Kendi sahanızı boş bırakırsınız, orada yabancılar top koşturur.
Haydi, "Biz onları da yönetiriz, alırız elinden kazançlarını dağıtırız
yoksula" falan deyin bakalım…
Yapamazsınız, ekonomiyi elinde tutan sonuçta siyaseti de belirler, yarın
elinize kaç para verileceği konusunu da.
Şimdi bile bir düşünsenize, adında Türk kelimesi olmasına rağmen kaç
büyük yatırım, kaç markanın sadece işçisi Türk, patronu yabancılardan
oluşmaktadır?
Merak ettinizse önce aklınıza ilk gelen büyük markaları ele alın sonra
girin internete sahiplerini sorgulayın. Ama daha bu gün bile pek çoğunun
yabancı olduğunu gördüğünüzde hiç şaşırmayın.
Unutmayın, iç piyasada kendisiyle rekabet edemediğiniz, bir malın
piyasasını teslim ettiğiniz her marka, aslında o alanda dışarıya ve
dışarıdakine teslimiyetinizdir.
Ne fiyat verirse, sizi kaça çalıştırıyorsa ona razı olursunuz.
Bu ister cep telefonu olsun ister ilaç, ister deterjan…
O durumda siyaset sizin için en fazla ne yapabilir biliyor musunuz?
En fazla “Haydi bu maldan vergi almıyorum, ucuzlattım” der; hem o
yabancı satıcının bu memlekete daha fazla satabilmesi için önünü açar,
ona daha fazla kazandırır, hem varsıldan da alabildiğiniz bir kısım
vergi gelirinizden olursunuz, hem de sizi milli ekonomi olarak
kaybettirirken bir süreliğine “sevindirik” yapar.
Peki bütün bunlara rağmen, ekonominiz ayakta zor dururken siyasetin
elini kolunu bağlayıp o aslında “yetmeyen” o imkanları “yine de bize
ver” demek; öncelikle kalkınmayı, gelişmeyi ve üretmeyi düşünmeden “her
şeye rağmen daha çok pay” baskısı kurmak mı doğru ve ülkenin, milletin
yararınadır yoksa “daha çok refah için daha çok üretelim yapalım,
siyaseti buna zorlayalım gayretleri mi?
Öncelikle ekonomiyi güçlendirmeden yani pastayı büyütmeden “yoksullukla
mücadele” acaba sonucu belirlemeye yeter mi? Ya da Yoksullukla mücadele,
ekonomik mücadele kazanılmadan başarılabilir mi?

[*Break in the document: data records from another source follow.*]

(* Let $T\in\mathcal{B}(V)$ and $s\in\rho_S(T)$ such that $\|T-\mathrm{Re}[s]\mathcal{I}\|<|s-\mathrm{Re}[s]|$. Then $$S^{-1}(s,T)=\sum_{n\ge0}(T-\mathrm{Re}[s]\mathcal{I})^n\,(s-\mathrm{Re}[s])^{-n-1},$$ the series converging in operator norm.
   Context: $V$ is a bilateral quaternionic Banach space: a real Banach space which is both a left and a right $\mathbb{H}$-vector space with $(av)b=a(vb)$ and $\|av\|=\|va\|=|a|\|v\|$. $\mathcal{B}(V)$ is the space of bounded right-linear operators on $V$; products denote composition, $\mathcal{I}$ is the identity. For $a\in\mathbb{H}$, $a\mathcal{I}$ is $v\mapsto av$, $aT:=(a\mathcal{I})T$, $Ta:=T(a\mathcal{I})$ (so $A^n b$ means $v\mapsto A^n(bv)$). $\sigma_S(T)=\{s: T^2-2\mathrm{Re}[s]T+|s|^2\mathcal{I}$ not invertible in $\mathcal{B}(V)\}$, $\rho_S(T)=\mathbb{H}\setminus\sigma_S(T)$, and for $s\in\rho_S(T)$, $S^{-1}(s,T)=-(T^2-2\mathrm{Re}[s]T+|s|^2\mathcal{I})^{-1}(T-\bar s\mathcal{I})$. *)

theory Defs
  imports "HOL-Analysis.Analysis"
begin

datatype quat = Quat (qRe: real) (qI: real) (qJ: real) (qK: real)

lemma quat_eq_iff: "x = y \<longleftrightarrow> qRe x = qRe y \<and> qI x = qI y \<and> qJ x = qJ y \<and> qK x = qK y"
  by (cases x; cases y) auto

lemma quat_eqI [intro?]: "qRe x = qRe y \<Longrightarrow> qI x = qI y \<Longrightarrow> qJ x = qJ y \<Longrightarrow> qK x = qK y \<Longrightarrow> x = y"
  by (simp add: quat_eq_iff)

instantiation quat :: ab_group_add
begin
definition "0 = Quat 0 0 0 0"
definition "x + y = Quat (qRe x + qRe y) (qI x + qI y) (qJ x + qJ y) (qK x + qK y)"
definition "- x = Quat (- qRe x) (- qI x) (- qJ x) (- qK x)"
definition "x - y = Quat (qRe x - qRe y) (qI x - qI y) (qJ x - qJ y) (qK x - qK y)"
instance
  by standard (simp_all add: zero_quat_def plus_quat_def uminus_quat_def minus_quat_def quat_eq_iff)
end

lemma quat_add_sel [simp]:
  "qRe (x + y) = qRe x + qRe y" "qI (x + y) = qI x + qI y"
  "qJ (x + y) = qJ x + qJ y" "qK (x + y) = qK x + qK y"
  "qRe (x - y) = qRe x - qRe y" "qI (x - y) = qI x - qI y"
  "qJ (x - y) = qJ x - qJ y" "qK (x - y) = qK x - qK y"
  "qRe (- x) = - qRe x" "qI (- x) = - qI x" "qJ (- x) = - qJ x" "qK (- x) = - qK x"
  "qRe 0 = 0" "qI 0 = 0" "qJ 0 = 0" "qK 0 = 0"
  by (simp_all add: zero_quat_def plus_quat_def uminus_quat_def minus_quat_def)

instantiation quat :: ring_1
begin
definition "(1::quat) = Quat 1 0 0 0"
definition "(x::quat) * y = Quat
  (qRe x * qRe y - qI x * qI y - qJ x * qJ y - qK x * qK y)
  (qRe x * qI y + qI x * qRe y + qJ x * qK y - qK x * qJ y)
  (qRe x * qJ y - qI x * qK y + qJ x * qRe y + qK x * qI y)
  (qRe x * qK y + qI x * qJ y - qJ x * qI y + qK x * qRe y)"
instance
proof
  fix a b c :: quat
  show "a * b * c = a * (b * c)" by (simp add: times_quat_def quat_eq_iff algebra_simps)
  show "1 * a = a" by (simp add: times_quat_def one_quat_def quat_eq_iff)
  show "a * 1 = a" by (simp add: times_quat_def one_quat_def quat_eq_iff)
  show "(a + b) * c = a * c + b * c" by (simp add: times_quat_def quat_eq_iff algebra_simps)
  show "a * (b + c) = a * b + a * c" by (simp add: times_quat_def quat_eq_iff algebra_simps)
  show "(0::quat) \<noteq> 1" by (simp add: one_quat_def quat_eq_iff)
qed
end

Hele de sermayeyi tüketmiş, borçlanmanın sınırlarını aşmış bir
haldeyseniz ve dünya liginde hala irtifa kaybetmeye devam ediyorsanız…
“Pastayı büyütmeden -ve günlük siyaset uğruna- paylaşma kavgasını
büyütme”nin, hangisi olursa olsun kalkınma modellerinde kabul
görebileceğini düşünebiliyor musunuz?
Bu durumda yoksulluk üzerinden yapılan siyaset, yarın ekonomi için de
bir şeyler yapmak gerektiğinde “siyasetin kendi eliyle büyüttüğü” yaman
bir karşı cephe haline gelmeyecek mi?
Hele de rakip siyaset “Gerisini düşünmeden hep daha çok şey vermek”
taktiğiyle sizin yolunuzu bekliyor, ah ayağı bir takılsa diyorsa.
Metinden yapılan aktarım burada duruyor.